Extracted records:
lemma bordered_mat_pos_def:
  assumes v: "v \<in> carrier_vec d" and p: "p > 0" and pu: "p + u * (v \<bullet> v) > 0"
    and schur: "w\<^sup>2 * (v \<bullet> v) < (p + u * (v \<bullet> v)) * r"
  shows "pos_def_mat (d+1) (bordered_mat d p u v w r)"
  unfolding pos_def_mat_def
proof (intro conjI ballI impI)
  fix z :: "real vec" assume z: "z \<in> carrier_vec (d+1)" and z0: "z \<noteq> 0\<^sub>v (d+1)"
  define X Y where "X = (\<Sum>i<d. (z$i)\<^sup>2)" and "Y = (\<Sum>i<d. v$i * z$i)"
  have cs: "Y\<^sup>2 \<le> (v \<bullet> v) * X"
    using sum_product_square_le[of "{..<d}" "\<lambda>i. v$i" "\<lambda>i. z$i"]
    unfolding X_def Y_def scalar_prod_eq_sum_lessThan[OF v v] by (simp add: power2_eq_square)
  have nz: "X \<noteq> 0 \<or> z$d \<noteq> 0" using zero_vecI_sum_squares[OF z] z0 unfolding X_def by blast
  have X: "X \<ge> 0" unfolding X_def by (simp add: sum_nonneg)
  show "z \<bullet> (bordered_mat d p u v w r *\<^sub>v z) > 0"
    unfolding bordered_mat_quadratic_form[OF z] X_def[symmetric] Y_def[symmetric]
    by (rule bordered_quadratic_pos[OF scalar_prod_self_nonneg[OF v] X cs nz p pu schur])
next
  show "bordered_mat d p u v w r \<in> carrier_mat (d+1) (d+1)" by (rule bordered_mat_carrier)
  show "transpose_mat (bordered_mat d p u v w r) = bordered_mat d p u v w r"
    by (rule transpose_bordered_mat)
qed

section \<open>Positive definite matrices and their square roots\<close>

lemma pos_def_mat_carrier: "pos_def_mat n S \<Longrightarrow> S \<in> carrier_mat n n"
  by (simp add: pos_def_mat_def)

lemma pos_def_mat_quadratic_form_nonneg:
  assumes "pos_def_mat n S" and "x \<in> carrier_vec n"
  shows "x \<bullet> (S *\<^sub>v x) \<ge> 0"
  using assms by (cases "x = 0\<^sub>v n") (auto simp: pos_def_mat_def intro: less_imp_le)

lemma pos_def_mat_invertible:
  assumes S: "pos_def_mat n S"
  obtains S' where "S' \<in> carrier_mat n n" "S * S' = 1\<^sub>m n" "S' * S = 1\<^sub>m n"
proof -
  have Sc: "S \<in> carrier_mat n n" using S by (rule pos_def_mat_carrier)
  have "det S \<noteq> 0"
  proof
    assume "det S = 0"
    then obtain v where "v \<in> carrier_vec n" "v \<noteq> 0\<^sub>v n" "S *\<^sub>v v = 0\<^sub>v n"
      using det_0_iff_vec_prod_zero[OF Sc] by auto
    with S show False by (auto simp: pos_def_mat_def)
  qed
  from det_non_zero_imp_unit[OF Sc this, of undefined] that show ?thesis
    unfolding Units_def by (auto simp: ring_mat_simps)
qed

lemma sum_diag_mult_comm:
  fixes A B :: "'a::comm_semiring_0 mat"
  assumes "A \<in> carrier_mat n m" and "B \<in> carrier_mat m n"
  shows "(\<Sum>i<n. (A * B) $$ (i,i)) = (\<Sum>j<m. (B * A) $$ (j,j))"
  using assms by (simp add: scalar_prod_def atLeast0LessThan sum.swap[of _ "{..<n}"] mult.commute)

lemma sylvester_pos_def_symmetric_eq_0:
  assumes S: "pos_def_mat n S" and T: "pos_def_mat n T"
    and Dc: "D \<in> carrier_mat n n" and Dt: "transpose_mat D = D" and SD_DT: "S * D + D * T = 0\<^sub>m n n"
  shows "D = 0\<^sub>m n n"
proof -
  have Sc: "S \<in> carrier_mat n n" and Tc: "T \<in> carrier_mat n n"
    using S T by (simp_all add: pos_def_mat_carrier)
  have row_col: "row D j = col D j" if "j < n" for j
    using row_transpose[of j D] Dt Dc that by simp
  have quad: "col D j \<bullet> (R *\<^sub>v col D j) = (D * (R * D)) $$ (j,j)"
    if "R \<in> carrier_mat n n" "j < n" for R j
    using that Dc row_col[OF that(2)] by (simp add: mult_mat_vec_def)
  \<comment> \<open>trace D S D + trace D T D = trace (D (S D + D T)) = 0, and both traces are sums of
    values of positive definite quadratic forms at the columns of D\<close>
  define qS qT where "qS j = col D j \<bullet> (S *\<^sub>v col D j)" and "qT j = col D j \<bullet> (T *\<^sub>v col D j)" for j
  have "(\<Sum>j<n. qT j) = (\<Sum>j<n. ((D * T) * D) $$ (j,j))"
    unfolding qT_def using quad Tc Dc by (intro sum.cong) auto
  also have "\<dots> = (\<Sum>j<n. (D * (D * T)) $$ (j,j))"
    using Tc Dc by (intro sum_diag_mult_comm) auto
  finally have "(\<Sum>j<n. qS j + qT j) = (\<Sum>j<n. (D * (S * D)) $$ (j,j) + (D * (D * T)) $$ (j,j))"
    unfolding sum.distrib qS_def using quad Sc by simp
  also have "\<dots> = (\<Sum>j<n. (D * (S * D + D * T)) $$ (j,j))"
  proof -
    have "D * (S * D + D * T) = D * (S * D) + D * (D * T)"
      using Sc Tc Dc by (intro mult_add_distrib_mat) auto
    then show ?thesis using Sc Tc Dc by (intro sum.cong) auto
  qed
  also have "\<dots> = 0" unfolding SD_DT using Dc by simp
  finally have sum0: "(\<Sum>j<n. qS j + qT j) = 0" .
  have "qS j \<ge> 0" "qT j \<ge> 0" if "j < n" for j
    unfolding qS_def qT_def
    using that Dc pos_def_mat_quadratic_form_nonneg[OF S] pos_def_mat_quadratic_form_nonneg[OF T] by auto
  moreover from this sum0 have "qS j + qT j = 0" if "j < n" for j
    using that by (subst (asm) sum_nonneg_eq_0_iff) auto
  ultimately have qS0: "qS j = 0" if "j < n" for j
    using that by (meson add_nonneg_eq_0_iff)
  have col0: "col D j = 0\<^sub>v n" if j: "j < n" for j
  proof (rule ccontr)
    assume "col D j \<noteq> 0\<^sub>v n"
    with S j Dc have "qS j > 0" unfolding qS_def pos_def_mat_def by auto
    with qS0[OF j] show False by simp
  qed
  show ?thesis
  proof (rule eq_matI)
    fix i j assume "i < dim_row (0\<^sub>m n n :: real mat)" "j < dim_col (0\<^sub>m n n :: real mat)"
    then have ij: "i < n" "j < n" by simp_all
    have "D $$ (i,j) = col D j $ i" using Dc ij by simp
    also have "\<dots> = 0" using col0[OF ij(2)] ij(1) by simp
    finally show "D $$ (i,j) = 0\<^sub>m n n $$ (i,j)" using ij by simp
  qed (use Dc in auto)
qed

lemma pos_def_mat_sqrt_unique:
  assumes S: "pos_def_mat n S" and T: "pos_def_mat n T" and ST: "S * S = T * T"
  shows "S = T"
proof -
  have Sc: "S \<in> carrier_mat n n" "transpose_mat S = S"
    and Tc: "T \<in> carrier_mat n n" "transpose_mat T = T"
    using S T by (auto simp: pos_def_mat_def)
  have "S * (S - T) + (S - T) * T = S * S - S * T + (S * T - T * T)"
    using Sc Tc by (simp add: mult_minus_distrib_mat minus_mult_distrib_mat)
  also have "\<dots> = 0\<^sub>m n n"
    unfolding ST using Sc Tc by (intro eq_matI) auto
  finally have sylvester: "S * (S - T) + (S - T) * T = 0\<^sub>m n n" .
  have "S - T \<in> carrier_mat n n" "transpose_mat (S - T) = S - T"
    using Sc Tc by (simp_all add: minus_carrier_mat transpose_minus)
  from sylvester_pos_def_symmetric_eq_0[OF S T this sylvester] have "S - T = 0\<^sub>m n n" .
  show "S = T"
  proof (rule eq_matI)
    fix i j assume "i < dim_row T" "j < dim_col T"
    with Tc have ij: "i < n" "j < n" by auto
    have "S $$ (i,j) - T $$ (i,j) = (S - T) $$ (i,j)" using ij Sc Tc by simp
    also have "\<dots> = 0" unfolding \<open>S - T = 0\<^sub>m n n\<close> using ij by simp
    finally show "S $$ (i,j) = T $$ (i,j)" by simp
  qed (use Sc Tc in auto)
qed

◆ TASK DETAILS
Look above for the line holding "values of positive". Print it and every line after it, exactly, through the line holding "moreover from this".

◆ ANSWER BOX
    values of positive definite quadratic forms at the columns of D\<close>
  define qS qT where "qS j = col D j \<bullet> (S *\<^sub>v col D j)" and "qT j = col D j \<bullet> (T *\<^sub>v col D j)" for j
  have "(\<Sum>j<n. qT j) = (\<Sum>j<n. ((D * T) * D) $$ (j,j))"
    unfolding qT_def using quad Tc Dc by (intro sum.cong) auto
  also have "\<dots> = (\<Sum>j<n. (D * (D * T)) $$ (j,j))"
    using Tc Dc by (intro sum_diag_mult_comm) auto
  finally have "(\<Sum>j<n. qS j + qT j) = (\<Sum>j<n. (D * (S * D)) $$ (j,j) + (D * (D * T)) $$ (j,j))"
    unfolding sum.distrib qS_def using quad Sc by simp
  also have "\<dots> = (\<Sum>j<n. (D * (S * D + D * T)) $$ (j,j))"
  proof -
    have "D * (S * D + D * T) = D * (S * D) + D * (D * T)"
      using Sc Tc Dc by (intro mult_add_distrib_mat) auto
    then show ?thesis using Sc Tc Dc by (intro sum.cong) auto
  qed
  also have "\<dots> = 0" unfolding SD_DT using Dc by simp
  finally have sum0: "(\<Sum>j<n. qS j + qT j) = 0" .
  have "qS j \<ge> 0" "qT j \<ge> 0" if "j < n" for j
    unfolding qS_def qT_def
    using that Dc pos_def_mat_quadratic_form_nonneg[OF S] pos_def_mat_quadratic_form_nonneg[OF T] by auto
  moreover from this sum0 have "qS j + qT j = 0" if "j < n" for j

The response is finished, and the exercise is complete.